Как возложил на них венцы да повел вкруг налоя — замест «Исаия, ликуй» затянул я во всю глотку: «Ай, Дунай, ты мой, Дунай», подобрал рясу, да ну вприсядку… Меня и расстригли и с позорищем превеликим из прихода изгнали. И стал я шататься по России, яко христа-ради юродивый. Конец свой чаял где нито в крапиве под забором; да, слава богу, дал мне приют в жизни сам царь-государь. Аминь.
Возженная попом-расстригой лампада сияла у икон. Бурнов готовил ужин, а поп Иван надел рясу, надел измызганный парчовый эпитрахиль и, возгласив:
«Господу помолимся!», опустился перед иконой на колени.
— Молись, чадо мое, Иване!
— Отстань! — возразил Бурнов. — Так и так пропала душа моя.
— Молись, Иване!
— Отстань! Я лучше разогрею к ужину…
Отец Иван под вой вьюги за окном с горячим усердием выкрикивал:
«Боже, милостив буди нам, грешным!», гулко ударялся лбом в пол, орошая половицы солеными слезами. Палач натаскал в большой чугун воды, с помощью ухвата задвинул его в пламенную печь, принес корыто, выволок из мешка грязное поповское исподнее: вот уложит попа спать и займется стиркой.
За ужином поп молчал, а палач вел разговор, бросая слова отрывисто и скупо:
— Видишь, глаз у меня кривой? Это — барин. А за что? Барин пьянствовал с голыми девками, а я, парнишка, в щелку, через дверь подсматривал. Я при барине жил, трубку подавал. Матерь моя тоже при барине. Прачка. Барин приметил меня, выскочил! Меня за волосья. В прихожей цветок стоял. Он вытащил из плошки палочку — цветок к ней подвязывали.

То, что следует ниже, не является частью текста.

(* For every constant $\beta>0$ and every sequence $x_{1:n}\in\mathcal X^n$ ($n\ge1$), $$R^\beta_S(x_{1:n}) \ge \mathrm{CL}_w(\mathcal A) - m\ln m + \sum_{j\in\mathcal A}\tfrac12\ln\frac{n_j}{2\pi} - \tfrac12\ln n - 0.45\,m - 0.43 .$$
   Context: Let $\mathcal X$ be a finite base alphabet with $D=|\mathcal X|$. For $x_{1:n}\in\mathcal X^n$, let $n_i$ be the number of occurrences of $i$ in $x_{1:n}$, $\mathcal A=\{x_1,\dots,x_n\}$, $m=|\mathcal A|$. For $0\le t\le n$ let $\mathcal A_t=\{x_1,\dots,x_t\}$ ($\mathcal A_0=\emptyset$), $m_t=|\mathcal A_t|$, $n^t_i$ the number of occurrences of $i$ in $x_{1:t}$. New-symbol weights: for each $t$ and $i\in\mathcal X\setminus\mathcal A_t$ a number $w^t_i>0$ with $\sum_{k\in\mathcal X\setminus\mathcal A_t}w^t_k\le 1$. For constant $\beta>0$, $S^\beta(x_{t+1}=i\mid x_{1:t})=n^t_i/(t+\beta)$ if $n^t_i>0$ and $\beta w^t_i/(t+\beta)$ if $n^t_i=0$, and $S^\beta(x_{1:n})=\prod_{t=0}^{n-1}S^\beta(x_{t+1}\mid x_{1:t})$. $\mathrm{CL}_w(\mathcal A):=\sum_{t\in\{0,\dots,n-1\}:\,x_{t+1}\notin\mathcal A_t}\ln(1/w^t_{x_{t+1}})$. Redundancy: $R^\beta_S(x_{1:n}):=\ln\big(n^{-n}\prod_{j\in\mathcal A}n_j^{n_j}\big)-\ln S^\beta(x_{1:n})$ (the log of the maximum i.i.d. likelihood over $S^\beta(x_{1:n})$). Natural logarithms. *)

theory Defs
  imports Complex_Main
begin

text \<open>A sequence x_{1:n} is a function x :: nat => 'a, with x_k for k = 1..n.
  New-symbol weights: w t i plays the role of w^t_i.\<close>

definition seen :: "(nat \<Rightarrow> 'a) \<Rightarrow> nat \<Rightarrow> 'a set" where
  "seen x t = x ` {1..t}"

definition cnt :: "(nat \<Rightarrow> 'a) \<Rightarrow> nat \<Rightarrow> 'a \<Rightarrow> nat" where
  "cnt x t i = card {k \<in> {1..t}. x k = i}"

definition S_cond :: "real \<Rightarrow> (nat \<Rightarrow> 'a \<Rightarrow> real) \<Rightarrow> (nat \<Rightarrow> 'a) \<Rightarrow> nat \<Rightarrow> 'a \<Rightarrow> real" where
  "S_cond \<beta> w x t i =
     (if cnt x t i > 0 then real (cnt x t i) / (real t + \<beta>)
      else \<beta> * w t i / (real t + \<beta>))"

definition S_prob :: "real \<Rightarrow> (nat \<Rightarrow> 'a \<Rightarrow> real) \<Rightarrow> (nat \<Rightarrow> 'a) \<Rightarrow> nat \<Rightarrow> real" where
  "S_prob \<beta> w x n = (\<Prod>t<n. S_cond \<beta> w x t (x (t + 1)))"

definition CL :: "(nat \<Rightarrow> 'a \<Rightarrow> real) \<Rightarrow> (nat \<Rightarrow> 'a) \<Rightarrow> nat \<Rightarrow> real" where
  "CL w x n = (\<Sum>t\<in>{t. t < n \<and> x (t + 1) \<notin> seen x t}. ln (1 / w t (x (t + 1))))"

definition redundancy :: "real \<Rightarrow> (nat \<Rightarrow> 'a \<Rightarrow> real) \<Rightarrow> (nat \<Rightarrow> 'a) \<Rightarrow> nat \<Rightarrow> real" where
  "redundancy \<beta> w x n =
     ln (real n powi (- int n) * (\<Prod>j\<in>seen x n. real (cnt x n j) ^ cnt x n j))
     - ln (S_prob \<beta> w x n)"

definition valid_weights :: "'a set \<Rightarrow> (nat \<Rightarrow> 'a \<Rightarrow> real) \<Rightarrow> (nat \<Rightarrow> 'a) \<Rightarrow> nat \<Rightarrow> bool" where
  "valid_weights X w x n \<longleftrightarrow>
     (\<forall>t\<le>n. (\<forall>i\<in>X - seen x t. w t i > 0) \<and> (\<Sum>k\<in>X - seen x t. w t k) \<le> 1)"

end

theory Submission
  imports Defs
begin

text \<open>
  The estimator's probability factors exactly: the m first occurrences contribute
  \<open>\<beta>\<close> times their new-symbol weights (whence \<open>CL\<close>), the repeated occurrences of
  symbol j contribute \<open>(n\<^sub>j - 1)!\<close>, and the normaliser is \<open>\<Prod>t<n. t + \<beta>\<close>.
  Bounding the normaliser below by \<open>\<beta>\<^sup>m (n - 1)! / (m - 1)!\<close> cancels the \<open>\<beta>\<close>'s, and the
  redundancy becomes a comparison of factorials with \<open>n\<^sup>n\<close> and \<open>n\<^sub>j ^ n\<^sub>j\<close>. This is settled by the
  Stirling-type bounds \<open>1/2 + 1/(2k) \<le> ln k! - (k + 1/2) ln k + k \<le> 1\<close>, proved by
  induction from the Pade-type estimates \<open>2y/(2 + y) \<le> ln (1 + y) \<le> y - y\<^sup>2/2 + y\<^sup>3/3\<close>.
\<close>

lemma ln_one_plus_lower_bound:
  fixes x :: real
  assumes "0 \<le> x"
  shows "2 * x / (2 + x) \<le> ln (1 + x)"
proof -
  let ?f = "\<lambda>x::real. ln (1 + x) - 2 * x / (2 + x)"
  have "?f 0 \<le> ?f x"
  proof (rule DERIV_nonneg_imp_increasing_open[OF assms])
    fix y :: real
    assume y: "0 < y" "y < x"
    have "DERIV ?f y :> 1 / (1 + y) - 4 / (2 + y)^2"
      using y by (auto intro!: derivative_eq_intros simp: field_simps power2_eq_square)
    moreover have "4 / (2 + y)^2 \<le> 1 / (1 + y)"
      using y by (simp add: divide_simps power2_eq_square algebra_simps)
    ultimately show "\<exists>d. DERIV ?f y :> d \<and> d \<ge> 0" by force
  qed (auto intro!: continuous_intros)
  then show ?thesis by simp
qed

lemma ln_one_plus_upper_bound:
  fixes x :: real
  assumes "0 \<le> x"
  shows "ln (1 + x) \<le> x - x^2 / 2 + x^3 / 3"
proof -
  let ?f = "\<lambda>x::real. x - x^2 / 2 + x^3 / 3 - ln (1 + x)"
  have "?f 0 \<le> ?f x"
  proof (rule DERIV_nonneg_imp_increasing_open[OF assms])
    fix y :: real
    assume y: "0 < y" "y < x"
    have "DERIV ?f y :> 1 - y + y^2 - 1 / (1 + y)"
      using y by (auto intro!: derivative_eq_intros simp: field_simps power2_eq_square)
    moreover have "1 / (1 + y) \<le> 1 - y + y^2"
    proof -
      have "(1 - y + y^2) * (1 + y) = 1 + y^3"
        by (simp add: algebra_simps power2_eq_square power3_eq_cube)
      then show ?thesis using y by (simp add: divide_simps)
    qed
    ultimately show "\<exists>d. DERIV ?f y :> d \<and> d \<ge> 0" by force
  qed (auto intro!: continuous_intros)
  then show ?thesis by simp
qed

lemma ln_one_plus_scaled_bounds:
  fixes y :: real
  assumes "0 < y" "y \<le> 1"
  shows "1 \<le> (1 / y + 1 / 2) * ln (1 + y)"
    and "(1 / y + 1 / 2) * ln (1 + y) \<le> 1 + y^2 / (2 * (1 + y))"
proof -
  have "1 / y + 1 / 2 = (2 + y) / (2 * y)"
    using assms by (simp add: field_simps)
  then have "1 = (1 / y + 1 / 2) * (2 * y / (2 + y))"
    using assms by simp
  also have "\<dots> \<le> (1 / y + 1 / 2) * ln (1 + y)"
    using ln_one_plus_lower_bound assms by (intro mult_left_mono) auto
  finally show "1 \<le> (1 / y + 1 / 2) * ln (1 + y)" .
next
  have "(1 / y + 1 / 2) * ln (1 + y) \<le> (1 / y + 1 / 2) * (y - y^2 / 2 + y^3 / 3)"
    using ln_one_plus_upper_bound assms by (intro mult_left_mono) auto
  also have "\<dots> = 1 + y^2 * (1 + 2 * y) / 12"
    using assms by (simp add: field_simps power2_eq_square power3_eq_cube)
  also have "\<dots> \<le> 1 + y^2 / (2 * (1 + y))"
  proof -
    have "(1 + 2 * y) * (1 + y) \<le> 3 * 2"
      using assms by (intro mult_mono) auto
    then have "y^2 * ((1 + 2 * y) * (1 + y)) \<le> y^2 * 6"
      by (intro mult_left_mono) auto
    then show ?thesis
      using assms by (simp add: divide_simps algebra_simps)
  qed
  finally show "(1 / y + 1 / 2) * ln (1 + y) \<le> 1 + y^2 / (2 * (1 + y))" .
qed

lemma ln_fact_bounds:
  assumes "k \<ge> 1"
  shows "(real k + 1 / 2) * ln (real k) - real k + 1 / 2 + 1 / (2 * real k) \<le> ln (fact k)"
    and "ln (fact k) \<le> (real k + 1 / 2) * ln (real k) - real k + 1"
proof -
  define e where "e k = ln (fact k) - (real k + 1 / 2) * ln (real k) + real k" for k
  have "1 / 2 + 1 / (2 * real k) \<le> e k \<and> e k \<le> 1"
    using assms
  proof (induction k rule: nat_induct_at_least)
    case base
    then show ?case by (simp add: e_def)
  next
    case (Suc k)
    define y where "y = 1 / real k"
    have y: "0 < y" "y \<le> 1"
      using Suc.hyps by (auto simp: y_def)
    have "1 + y = (real k + 1) / real k"
      using Suc.hyps by (simp add: y_def field_simps)
    then have "ln (real k + 1) - ln (real k) = ln (1 + y)"
      using Suc.hyps by (simp add: ln_div)
    moreover have "ln (fact (Suc k)) = ln (real k + 1) + ln (fact k)"
      by (simp add: ln_mult add.commute)
    ultimately have "e (Suc k) = e k + 1 - (1 / y + 1 / 2) * ln (1 + y)"
      using Suc.hyps by (simp add: e_def y_def algebra_simps)
    moreover have "y^2 / (2 * (1 + y)) = 1 / (2 * real k * (real k + 1))"
      using Suc.hyps by (simp add: y_def field_simps power2_eq_square)
    moreover have "1 / (2 * real k) - 1 / (2 * real k * (real k + 1)) = 1 / (2 * real (Suc k))"
      using Suc.hyps by (simp add: divide_simps)
    ultimately show ?case
      using Suc.IH ln_one_plus_scaled_bounds[OF y] by linarith
  qed
  then show "(real k + 1 / 2) * ln (real k) - real k + 1 / 2 + 1 / (2 * real k) \<le> ln (fact k)"
    and "ln (fact k) \<le> (real k + 1 / 2) * ln (real k) - real k + 1"
    by (auto simp: e_def)
qed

Бряк меня на пол! Сел на меня да вострым-то концом палочки тырк-тырк мне в глаз! Я заорал и чувствий порешился. Уж дюже больно! Вспомню — о сю пору мурашки по спине. Мамынька прибегла, барина по рылу. Тот свалил ее, топтать зачал. А она пузатая… Скинула мертвенького, померла. Батьки у меня не было. Сбитень я! Меня так и звали «Сбитень». Спалил я дом барский, да в бега ударился. В казаки попал! А тут и к батюшке-царю. Бар ненавижу люто… И всех супротивников батюшки. Вздернуть кого — кладу себе во счастье. Счет веду! Я царя-батюшку хоша люблю, только ежели не царь он, а обманщик, — и его повешу…
— Неужли, Иване?!.
— Вот те Христос, повешу!.. — прокричал Иван Бурнов, не подозревая, что в судьбе царя-батюшки ему доведется впоследствии и впрямь сыграть роль мрачную.
Поужинав, поп лег спать. Во сне мычал и громко бредил, иногда вскакивал, таращил неспокойные глаза, закрещивал воздух: «Сгинь, сгинь!» И вновь валился.
Бурнов с усердием долго стирал бельишко. Затем разогнул уставшую спину, осмотрел поповы ошметки-лапти и швырнул их в пламя, а возле кровати, на которой храпел поп, поставил свои запасные, подшитые валенки.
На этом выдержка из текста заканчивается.